## Directions for this task:
Read the lines of the data below and retrieve those with "exists".

Stored data
┏━━

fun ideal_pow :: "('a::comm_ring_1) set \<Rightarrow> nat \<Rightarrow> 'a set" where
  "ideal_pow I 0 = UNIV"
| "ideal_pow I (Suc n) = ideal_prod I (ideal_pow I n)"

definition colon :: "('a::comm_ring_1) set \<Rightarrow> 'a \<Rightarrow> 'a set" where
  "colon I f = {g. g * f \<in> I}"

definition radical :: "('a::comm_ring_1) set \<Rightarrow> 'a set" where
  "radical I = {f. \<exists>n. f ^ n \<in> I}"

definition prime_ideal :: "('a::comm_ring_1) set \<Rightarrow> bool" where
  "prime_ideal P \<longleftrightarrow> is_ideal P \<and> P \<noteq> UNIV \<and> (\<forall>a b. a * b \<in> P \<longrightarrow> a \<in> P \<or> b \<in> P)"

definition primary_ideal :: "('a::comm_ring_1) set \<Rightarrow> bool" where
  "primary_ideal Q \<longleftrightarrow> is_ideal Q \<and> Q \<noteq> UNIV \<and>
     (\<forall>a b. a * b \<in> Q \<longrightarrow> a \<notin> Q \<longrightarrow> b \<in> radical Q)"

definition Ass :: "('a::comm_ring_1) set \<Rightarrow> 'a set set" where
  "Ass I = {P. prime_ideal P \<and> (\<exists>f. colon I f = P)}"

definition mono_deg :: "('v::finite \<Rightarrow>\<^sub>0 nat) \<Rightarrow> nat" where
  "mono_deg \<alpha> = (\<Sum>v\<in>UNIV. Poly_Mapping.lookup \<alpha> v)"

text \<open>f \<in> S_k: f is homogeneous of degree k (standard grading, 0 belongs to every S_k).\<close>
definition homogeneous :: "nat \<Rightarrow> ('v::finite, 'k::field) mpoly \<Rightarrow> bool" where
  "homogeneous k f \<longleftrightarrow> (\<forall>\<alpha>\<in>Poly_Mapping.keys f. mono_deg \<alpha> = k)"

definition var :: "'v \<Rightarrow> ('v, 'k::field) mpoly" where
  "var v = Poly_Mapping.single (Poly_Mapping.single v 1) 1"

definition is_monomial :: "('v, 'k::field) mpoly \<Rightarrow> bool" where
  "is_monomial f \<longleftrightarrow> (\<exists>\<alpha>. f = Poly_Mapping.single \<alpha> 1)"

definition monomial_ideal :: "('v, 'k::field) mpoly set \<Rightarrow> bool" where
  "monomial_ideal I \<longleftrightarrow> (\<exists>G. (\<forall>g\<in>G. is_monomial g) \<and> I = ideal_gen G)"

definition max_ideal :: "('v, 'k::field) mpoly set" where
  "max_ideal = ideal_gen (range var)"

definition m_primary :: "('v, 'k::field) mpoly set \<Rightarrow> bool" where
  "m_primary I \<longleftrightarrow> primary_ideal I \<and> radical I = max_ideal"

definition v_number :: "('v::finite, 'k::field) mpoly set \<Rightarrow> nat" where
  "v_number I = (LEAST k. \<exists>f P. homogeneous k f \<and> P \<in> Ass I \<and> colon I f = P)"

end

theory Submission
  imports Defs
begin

┗━━
┏━━

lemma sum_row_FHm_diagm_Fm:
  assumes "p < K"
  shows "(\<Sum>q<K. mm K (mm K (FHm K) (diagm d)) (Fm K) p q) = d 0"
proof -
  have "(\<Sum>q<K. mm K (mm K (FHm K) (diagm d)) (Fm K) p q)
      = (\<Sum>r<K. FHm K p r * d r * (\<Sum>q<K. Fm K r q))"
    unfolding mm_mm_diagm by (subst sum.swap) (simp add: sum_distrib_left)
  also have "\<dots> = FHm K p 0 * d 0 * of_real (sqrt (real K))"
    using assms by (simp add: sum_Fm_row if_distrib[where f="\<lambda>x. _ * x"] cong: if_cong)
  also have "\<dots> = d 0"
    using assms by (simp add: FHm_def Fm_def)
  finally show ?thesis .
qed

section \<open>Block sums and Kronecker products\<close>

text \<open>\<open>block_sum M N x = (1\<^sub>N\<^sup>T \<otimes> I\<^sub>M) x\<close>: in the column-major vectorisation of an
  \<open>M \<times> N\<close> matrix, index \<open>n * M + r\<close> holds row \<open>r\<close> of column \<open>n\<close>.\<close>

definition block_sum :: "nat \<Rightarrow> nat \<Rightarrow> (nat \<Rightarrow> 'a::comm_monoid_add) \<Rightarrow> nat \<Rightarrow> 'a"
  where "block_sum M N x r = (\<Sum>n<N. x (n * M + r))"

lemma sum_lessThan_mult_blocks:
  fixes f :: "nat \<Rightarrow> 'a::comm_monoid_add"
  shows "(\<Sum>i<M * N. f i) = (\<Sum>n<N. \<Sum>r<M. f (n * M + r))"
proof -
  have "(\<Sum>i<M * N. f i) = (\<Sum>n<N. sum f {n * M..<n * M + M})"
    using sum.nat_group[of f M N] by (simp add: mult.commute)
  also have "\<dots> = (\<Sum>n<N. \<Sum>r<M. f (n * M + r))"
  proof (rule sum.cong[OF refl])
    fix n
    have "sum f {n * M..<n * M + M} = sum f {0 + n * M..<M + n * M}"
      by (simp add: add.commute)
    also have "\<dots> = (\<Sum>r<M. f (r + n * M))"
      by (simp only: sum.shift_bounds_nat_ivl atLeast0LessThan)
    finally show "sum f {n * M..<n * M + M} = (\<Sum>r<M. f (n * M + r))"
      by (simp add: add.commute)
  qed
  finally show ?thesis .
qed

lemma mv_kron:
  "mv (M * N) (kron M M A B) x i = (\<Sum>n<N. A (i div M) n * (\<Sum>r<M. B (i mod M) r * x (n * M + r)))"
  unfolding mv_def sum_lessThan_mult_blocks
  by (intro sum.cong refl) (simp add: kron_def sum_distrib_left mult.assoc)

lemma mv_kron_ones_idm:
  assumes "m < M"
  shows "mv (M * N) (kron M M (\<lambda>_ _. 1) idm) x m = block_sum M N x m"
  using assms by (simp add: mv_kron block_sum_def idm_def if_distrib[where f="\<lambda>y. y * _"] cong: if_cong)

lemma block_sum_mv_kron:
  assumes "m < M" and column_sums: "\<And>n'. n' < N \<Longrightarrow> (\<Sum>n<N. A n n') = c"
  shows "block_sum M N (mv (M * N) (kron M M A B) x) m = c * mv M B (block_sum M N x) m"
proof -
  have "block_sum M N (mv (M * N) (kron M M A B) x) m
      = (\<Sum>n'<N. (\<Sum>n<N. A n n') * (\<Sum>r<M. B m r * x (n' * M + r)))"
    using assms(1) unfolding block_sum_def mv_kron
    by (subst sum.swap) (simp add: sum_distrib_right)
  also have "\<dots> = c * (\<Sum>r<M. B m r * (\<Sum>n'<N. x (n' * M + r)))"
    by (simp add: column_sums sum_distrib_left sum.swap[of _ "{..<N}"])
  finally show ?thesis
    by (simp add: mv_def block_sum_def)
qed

┗━━

## Your response:
  "radical I = {f. \<exists>n. f ^ n \<in> I}"
  "Ass I = {P. prime_ideal P \<and> (\<exists>f. colon I f = P)}"
  "is_monomial f \<longleftrightarrow> (\<exists>\<alpha>. f = Poly_Mapping.single \<alpha> 1)"
  "monomial_ideal I \<longleftrightarrow> (\<exists>G. (\<forall>g\<in>G. is_monomial g) \<and> I = ideal_gen G)"
  "v_number I = (LEAST k. \<exists>f P. homogeneous k f \<and> P \<in> Ass I \<and> colon I f = P)"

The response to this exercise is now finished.